# Red Foot tortoise temperature control in winter



## crush's little helper (Dec 1, 2010)

Hello there

I am new to the tortoise owning world and have a baby red foot called crush. He turns 1 Soon Woo hoo !!

Right we have got a tortoise table which basically looks like a bookshelf ( minus the shelves) turned on its back. we have a solar-glo 125w bulb suspended via a "hangmans arm" setup and a mulch flooring with loads of sphagnum moss placed around.

We also have a small ceramic "no light" heater style bulb that emits heat for the night time.

We have given him two terracotta tubs as hides, they are placed on their sides so he can walk into an out of them easily.
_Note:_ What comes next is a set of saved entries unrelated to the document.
lemma sum_dot_distr_by_coeffs:
  assumes nbl: "\<not> bipartite_linear n c d f"
    and s: "s \<in> Is" and x: "x \<in> Om" and xs: "(\<Sum>j<n. x j) mod d = f s"
  shows "(\<Sum>k\<in>Om. D k s (dot n k x)) = real d + real d ^ (n - 1) - 1"
proof -
  define C where "C = const_coeffs n ` {..<d}"
  have CO: "C \<subseteq> Om" using const_coeffs_outputs n_pos by (simp add: C_def)
  have cardC: "card C = d" using inj_on_const_coeffs[OF n_pos] by (simp add: C_def card_image)
  have dn: "real d ^ n = real d * real d ^ (n - 1)"
    using n_pos by (simp add: power_eq_if[of "real d" n])
  have "card (Om - C) = d ^ n - d" using card_Diff_subset[OF _ CO] finite_subset[OF CO]
    by (simp add: cardC card_outputs finite_outputs)
  moreover have "d \<le> d ^ n" using card_mono[OF finite_outputs CO] by (simp add: cardC card_outputs)
  ultimately have cardOC: "real (card (Om - C)) = real d * real d ^ (n - 1) - real d"
    using dn by (simp add: of_nat_diff)
  have "(\<Sum>k\<in>Om. D k s (dot n k x)) = (\<Sum>k\<in>C. D k s (dot n k x)) + (\<Sum>k\<in>Om - C. D k s (dot n k x))"
    using sum.subset_diff[OF CO finite_outputs] by (simp add: add.commute)
  also have "(\<Sum>k\<in>C. D k s (dot n k x)) = (\<Sum>k\<in>C. 1)"
    by (rule sum.cong[OF refl]) (auto simp: C_def dot_distr_const_coeffs[OF s x xs])
  also have "(\<Sum>k\<in>Om - C. D k s (dot n k x)) = (\<Sum>k\<in>Om - C. 1 / real d)"
  proof (rule sum.cong[OF refl])
    fix k assume k: "k \<in> Om - C"
    then have "\<exists>j<n. k j \<noteq> k 0"
      using n_pos by (intro nonconstant_if_notin_const_coeffs) (auto simp: C_def)
    then obtain j where "j < n" "k j \<noteq> k 0" by blast
    then have "constant_fun (D k s)"
      using k constant_dot_distr_if_nonconstant[OF nbl _ _ _ s] by blast
    then show "D k s (dot n k x) = 1 / real d" by (rule dot_distr_if_constant[OF s])
  qed
  finally have "(\<Sum>k\<in>Om. D k s (dot n k x)) = real d + real (card (Om - C)) / real d"
    using cardC by simp
  also have "real (card (Om - C)) / real d = real d ^ (n - 1) - 1"
    using d_pos by (simp add: cardOC field_simps)
  finally show ?thesis by simp
qed

theorem p_eq_uniform:
  assumes nbl: "\<not> bipartite_linear n c d f" and s: "s \<in> Is" and x: "x \<in> Om"
  shows "p x s = (if (\<Sum>j<n. x j) mod d = f s then 1 / real d ^ (n - 1) else 0)"
proof (cases "(\<Sum>j<n. x j) mod d = f s")
  case True
  define q where "q = real d ^ (n - 1)"
  have dn: "real d ^ n = real d * q"
    using n_pos by (simp add: q_def power_eq_if[of "real d" n])
  have eq: "real d ^ n * p x s + q * (1 - p x s) = real d + q - 1"
    using sum_dot_distr_by_outputs[OF s x] sum_dot_distr_by_coeffs[OF nbl s x True]
    by (simp add: q_def)
  have "(p x s * q - 1) * (real d - 1) = real d * q * p x s + q * (1 - p x s) - (real d + q - 1)"
    by (simp add: algebra_simps)
  also have "\<dots> = 0" using eq dn by simp
  moreover have "1 < d" using prime_d prime_gt_1_nat by blast
  ultimately have "p x s * q = 1" by simp
  then show ?thesis using True d_pos by (simp add: q_def field_simps)
next
  case False
  then show ?thesis using sum_mod_eq_if_p_nonzero[OF s x] by auto
qed

end

section \<open>The uniform box on a correlator class\<close>

definition uniform_box :: "nat \<Rightarrow> nat \<Rightarrow> ((nat \<Rightarrow> nat) \<Rightarrow> nat) \<Rightarrow> (nat \<Rightarrow> nat) \<Rightarrow> (nat \<Rightarrow> nat) \<Rightarrow> real"
where
  "uniform_box n d f = (\<lambda>m s. if (\<Sum>j<n. m j) mod d = f s then 1 / real d ^ (n - 1) else 0)"

lemma is_cond_distr_uniform_box:
  assumes "0 < n" "prime d" "\<forall>s\<in>inputs c n. f s < d"
  shows "is_cond_distr n c d (uniform_box n d f)"
  unfolding is_cond_distr_def
proof (intro ballI conjI)
  fix s assume s: "s \<in> inputs c n"
  have "(\<Sum>m\<in>outputs d n. uniform_box n d f m s)
        = real (card {m\<in>outputs d n. (\<Sum>j<n. m j) mod d = f s}) * (1 / real d ^ (n - 1))"
    unfolding uniform_box_def by (rule sum_if_const[OF finite_outputs])
  then show "(\<Sum>m\<in>outputs d n. uniform_box n d f m s) = 1"
    using card_outputs_sum_mod_eq[OF assms(2,1)] assms s prime_gt_0_nat by simp
qed (simp add: uniform_box_def)

lemma correlator_uniform_box:
  assumes "0 < n" "prime d" and s: "s \<in> inputs c n" and k: "k < d"
  shows "correlator n d (uniform_box n d f) s k = (if k = f s then 1 else 0)"
proof -
  have "correlator n d (uniform_box n d f) s k
        = (\<Sum>m\<in>{m\<in>outputs d n. (\<Sum>j<n. m j) mod d = k}. if k = f s then 1 / real d ^ (n - 1) else 0)"
    unfolding correlator_def by (rule sum.cong) (auto simp: uniform_box_def)
  then show ?thesis
    using card_outputs_sum_mod_eq[OF assms(2,1) k] assms prime_gt_0_nat by simp
qed

lemma non_signalling_uniform_box:
  assumes pr: "prime d" and frange: "\<forall>s\<in>inputs c n. f s < d"
  shows "non_signalling n c d (uniform_box n d f)"
  unfolding non_signalling_def
proof (intro allI impI ballI)
  fix J s s' m0
  assume J: "J \<subseteq> {..<n}" and s: "s \<in> inputs c n" and s': "s' \<in> inputs c n"
    and ag: "\<forall>j\<in>{..<n} - J. s j = s' j" and m0: "m0 \<in> outputs d n"
  define F where "F = {m\<in>outputs d n. \<forall>j\<in>{..<n} - J. m j = m0 j}"
  have finF: "finite F" using finite_outputs by (simp add: F_def)
  have "(\<Sum>m\<in>F. uniform_box n d f m s) = (\<Sum>m\<in>F. uniform_box n d f m s')"
  proof (cases "J = {}")
    case True
    then have "zero_on {} s = zero_on {} s'"
      using ag s s' by (intro zero_on_eq_if_agree) (auto simp: inputs_def)
    then have "s = s'" by (simp add: zero_on_def)
    then show ?thesis by simp
  next
    case False
    then obtain i where i: "i \<in> J" by blast
    have "card {m\<in>F. (\<Sum>j<n. m j) mod d = v} = card {m\<in>F. m i = 0}" if "v < d" for v
      using i J that by (intro card_sum_mod_eq[OF pr finF]) (auto simp: F_def outputs_def)
    then show ?thesis
      unfolding uniform_box_def using frange s s' by (simp add: sum_if_const[OF finF])
  qed
  then show "(\<Sum>m\<in>{m\<in>outputs d n. \<forall>j\<in>{..<n} - J. m j = m0 j}. uniform_box n d f m s) =
          (\<Sum>m\<in>{m\<in>outputs d n. \<forall>j\<in>{..<n} - J. m j = m0 j}. uniform_box n d f m s')"
    by (simp add: F_def)
qed

theorem theorem2p3p1:
  fixes n d :: nat and c :: "nat \<Rightarrow> nat" and f :: "(nat \<Rightarrow> nat) \<Rightarrow> nat"
  assumes "n \<ge> 2" and "prime d"
    and "\<forall>j<n. c j > 0"
    and "\<forall>s\<in>inputs c n. f s < d"
    and "\<not> bipartite_linear n c d f"
  shows "(\<forall>p. is_cond_distr n c d p \<and> non_signalling n c d p \<and>
            (\<forall>s\<in>inputs c n. \<forall>k<d. correlator n d p s k = (if k = f s then 1 else 0))
          \<longrightarrow> (\<forall>s\<in>inputs c n. \<forall>m\<in>outputs d n.
                p m s = (if (\<Sum>j<n. m j) mod d = f s then 1 / real d ^ (n - 1) else 0)))
       \<and> (let p0 = (\<lambda>m s. if (\<Sum>j<n. m j) mod d = f s then 1 / real d ^ (n - 1) else 0)
          in is_cond_distr n c d p0 \<and> non_signalling n c d p0 \<and>
             (\<forall>s\<in>inputs c n. \<forall>k<d. correlator n d p0 s k = (if k = f s then 1 else 0)))"
proof -
  have n_pos: "0 < n" using assms(1) by simp
  have unique: "\<forall>p. is_cond_distr n c d p \<and> non_signalling n c d p \<and>
            (\<forall>s\<in>inputs c n. \<forall>k<d. correlator n d p s k = (if k = f s then 1 else 0))
          \<longrightarrow> (\<forall>s\<in>inputs c n. \<forall>m\<in>outputs d n.
                p m s = (if (\<Sum>j<n. m j) mod d = f s then 1 / real d ^ (n - 1) else 0))"
  proof (intro allI impI ballI)
    fix p s m
    assume "is_cond_distr n c d p \<and> non_signalling n c d p \<and>
            (\<forall>s\<in>inputs c n. \<forall>k<d. correlator n d p s k = (if k = f s then 1 else 0))"
      and s: "s \<in> inputs c n" and m: "m \<in> outputs d n"
    then interpret deterministic_ns_box n d c f p
      using n_pos assms(2-4) by unfold_locales auto
    show "p m s = (if (\<Sum>j<n. m j) mod d = f s then 1 / real d ^ (n - 1) else 0)"
      by (rule p_eq_uniform[OF assms(5) s m])
  qed
  have "is_cond_distr n c d (uniform_box n d f)" "non_signalling n c d (uniform_box n d f)"
    "\<forall>s\<in>inputs c n. \<forall>k<d. correlator n d (uniform_box n d f) s k = (if k = f s then 1 else 0)"
    using is_cond_distr_uniform_box[OF n_pos assms(2,4)] non_signalling_uniform_box[OF assms(2,4)]
      correlator_uniform_box[OF n_pos assms(2)] by auto
  then show ?thesis using unique unfolding Let_def uniform_box_def by blast
qed

end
One in the cooler end and one in his hot end. They are usually stuffed with moss.

Thing is, we are a bit worried as to the following points and so many sets of conflicting information, we wondered if anyone can give us some assistance.
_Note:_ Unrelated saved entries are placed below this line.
lemma pattern_if_infinitely_many_accepted_prefixes:
  assumes A: "nfa \<Sigma> A" and B: "nfa \<Sigma> B" and \<alpha>: "\<And>k. \<alpha> k \<in> \<Sigma>"
    and accA: "infinite {n. map \<alpha> [0..<n] \<in> lang \<Sigma> A}"
    and accB: "infinite {n. map \<alpha> [0..<n] \<in> lang \<Sigma> B}"
  shows "\<exists>S \<sigma> \<sigma>1 \<sigma>2 \<tau> \<tau>1 \<tau>2. is_pattern \<Sigma> A B S \<sigma> \<sigma>1 \<sigma>2 \<tau> \<tau>1 \<tau>2"
proof -
  obtain \<rho>A where \<rho>A: "\<rho>A 0 = init A" "is_run A \<alpha> \<rho>A" "\<And>k. \<rho>A k \<in> states A"
    "\<And>k. infinite {n. delta_star A (\<rho>A k) (map \<alpha> [k..<n]) \<inter> final A \<noteq> {}}"
    using koenig_run[OF A \<alpha> accA] by blast
  obtain \<rho>B where \<rho>B: "\<rho>B 0 = init B" "is_run B \<alpha> \<rho>B" "\<And>k. \<rho>B k \<in> states B"
    "\<And>k. infinite {n. delta_star B (\<rho>B k) (map \<alpha> [k..<n]) \<inter> final B \<noteq> {}}"
    using koenig_run[OF B \<alpha> accB] by blast
  define P where "P = prod_nfa A B"
  define \<rho> where "\<rho> k = (\<rho>A k, \<rho>B k)" for k
  have run: "is_run P \<alpha> \<rho>" unfolding P_def \<rho>_def using run_prod_nfa[OF \<rho>A(2) \<rho>B(2)] .
  have states: "\<rho> k \<in> states P" for k using \<rho>A(3) \<rho>B(3) by (simp add: \<rho>_def P_def prod_nfa_def)
  have step: "(\<rho> k, \<rho> (Suc k)) \<in> edges \<Sigma> P" for k
    using states[of k] run \<alpha>[of k] by (auto simp: edges_def is_run_def)
  have "finite (states P)" using A B by (simp add: P_def prod_nfa_def nfa_def)
  then obtain k0 where later: "\<And>n. k0 \<le> n \<Longrightarrow> \<rho> n \<in> scc_of \<Sigma> P (\<rho> k0)"
    using path_eventually_in_scc states step by blast
  define S where "S = scc_of \<Sigma> P (\<rho> k0)"
  obtain nA pA where nA: "k0 \<le> nA" "pA \<in> final A" "pA \<in> delta_star A (\<rho>A k0) (map \<alpha> [k0..<nA])"
    using \<rho>A(4)[of k0] unfolding infinite_nat_iff_unbounded_le by blast
  obtain nB qB where nB: "k0 \<le> nB" "qB \<in> final B" "qB \<in> delta_star B (\<rho>B k0) (map \<alpha> [k0..<nB])"
    using \<rho>B(4)[of k0] unfolding infinite_nat_iff_unbounded_le by blast
  have "init P = \<rho> 0" using \<rho>A(1) \<rho>B(1) by (simp add: P_def prod_nfa_def \<rho>_def)
  then have "(init P, \<rho> k0) \<in> (edges \<Sigma> P)\<^sup>*" using rtrancl_chain_le[of \<rho>, OF step] by simp
  moreover have "(pA, \<rho>B nA) \<in> delta_star P (\<rho> k0) (map \<alpha> [k0..<nA])"
    using nA run_delta_star[OF \<rho>B(2) nA(1)] by (simp add: P_def \<rho>_def delta_star_prod_nfa)
  moreover have "(\<rho>A nB, qB) \<in> delta_star P (\<rho> k0) (map \<alpha> [k0..<nB])"
    using nB run_delta_star[OF \<rho>A(2) nB(1)] by (simp add: P_def \<rho>_def delta_star_prod_nfa)
  moreover have "map \<alpha> [k0..<n] \<in> lists \<Sigma>" for n using \<alpha> by auto
  ultimately have "is_pattern \<Sigma> A B S (\<rho> k0) (pA, \<rho>B nA) (\<rho> nA) (\<rho> k0) (\<rho>A nB, qB) (\<rho> nB)"
    unfolding is_pattern_def Let_def P_def[symmetric] S_def
    using is_scc_scc_of[OF states] later[of k0] later[of "Suc k0"] later[OF nA(1)] later[OF nB(1)]
      step[of k0] \<rho>A(3) \<rho>B(3) nA(2) nB(2) run_delta_star[OF run nA(1)] run_delta_star[OF run nB(1)]
    by (fastforce simp: P_def prod_nfa_def)
  then show ?thesis by blast
qed
lemma normalize_e3_plus_e1: "(e3 + s *\<^sub>R e1) /\<^sub>R norm (e3 + s *\<^sub>R e1) = tilt s"
proof -
  have "(norm (e3 + s *\<^sub>R e1))\<^sup>2 = 1 + s\<^sup>2"
    by (simp add: norm_vec3_sq)
  then have "norm (e3 + s *\<^sub>R e1) = sqrt (1 + s\<^sup>2)"
    by (metis norm_ge_zero real_sqrt_unique)
  then show ?thesis
    by (simp add: tilt_def add.commute)
qed

lemma tilt_has_vector_derivative: "(tilt has_vector_derivative tilt' s) (at s)"
proof -
  define q where "q = sqrt (1 + s\<^sup>2)"
  have q: "0 < q" "q\<^sup>2 = 1 + s\<^sup>2"
    by (auto simp: q_def add_pos_nonneg)
  have p: "0 < 1 + s\<^sup>2"
    by (simp add: add_pos_nonneg)
  have "((\<lambda>s. inverse (sqrt (1 + s\<^sup>2))) has_real_derivative - s / (q * (1 + s\<^sup>2))) (at s)"
    using q by (auto intro!: derivative_eq_intros simp: q_def field_simps power2_eq_square)
  moreover have "((\<lambda>s. s *\<^sub>R e1 + e3) has_vector_derivative e1) (at s)"
    by (auto intro!: derivative_eq_intros)
  ultimately have "(tilt has_vector_derivative
      (inverse q *\<^sub>R e1 + (- s / (q * (1 + s\<^sup>2))) *\<^sub>R (s *\<^sub>R e1 + e3))) (at s)"
    unfolding tilt_def q_def by (rule has_vector_derivative_scaleR)
  moreover have "inverse q *\<^sub>R e1 + (- s / (q * (1 + s\<^sup>2))) *\<^sub>R (s *\<^sub>R e1 + e3) = tilt' s"
    unfolding tilt'_def q_def[symmetric] vec_eq_iff forall_3
    using q p by (simp add: divide_simps) (simp add: algebra_simps power2_eq_square)
  ultimately show ?thesis
    by simp
qed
1 - when his moss is damp - to keep the humidity levels up, it turns cold ( even when sprayed with warm water), will this not make him cold when he burrows into it? If we put it under his sun lamp - it dries out quickly, which is the best, leave it wet and potentially cold, or under the lamp to keep warm. - I'm pretty sure i read to keep his moss wet, but it turns cold, even in his hide at the warm end and i'm concerned about him getting cold. Should i be worried or am i just thinking of it from a human point of view too much. I mean, I wouldn't sleep in cold and wet bed, but if it's tortoise heaven than I'm happy, just really concerned about him getting too cold at night. So wet or dry do you think?

2 - Tortoise table is open topped, and we need to keep the heat in especially in this cold weather. Should we be looking to "lid" the tort table with a plastic storage box top or some perspex resting over the most part of the top area or something like that?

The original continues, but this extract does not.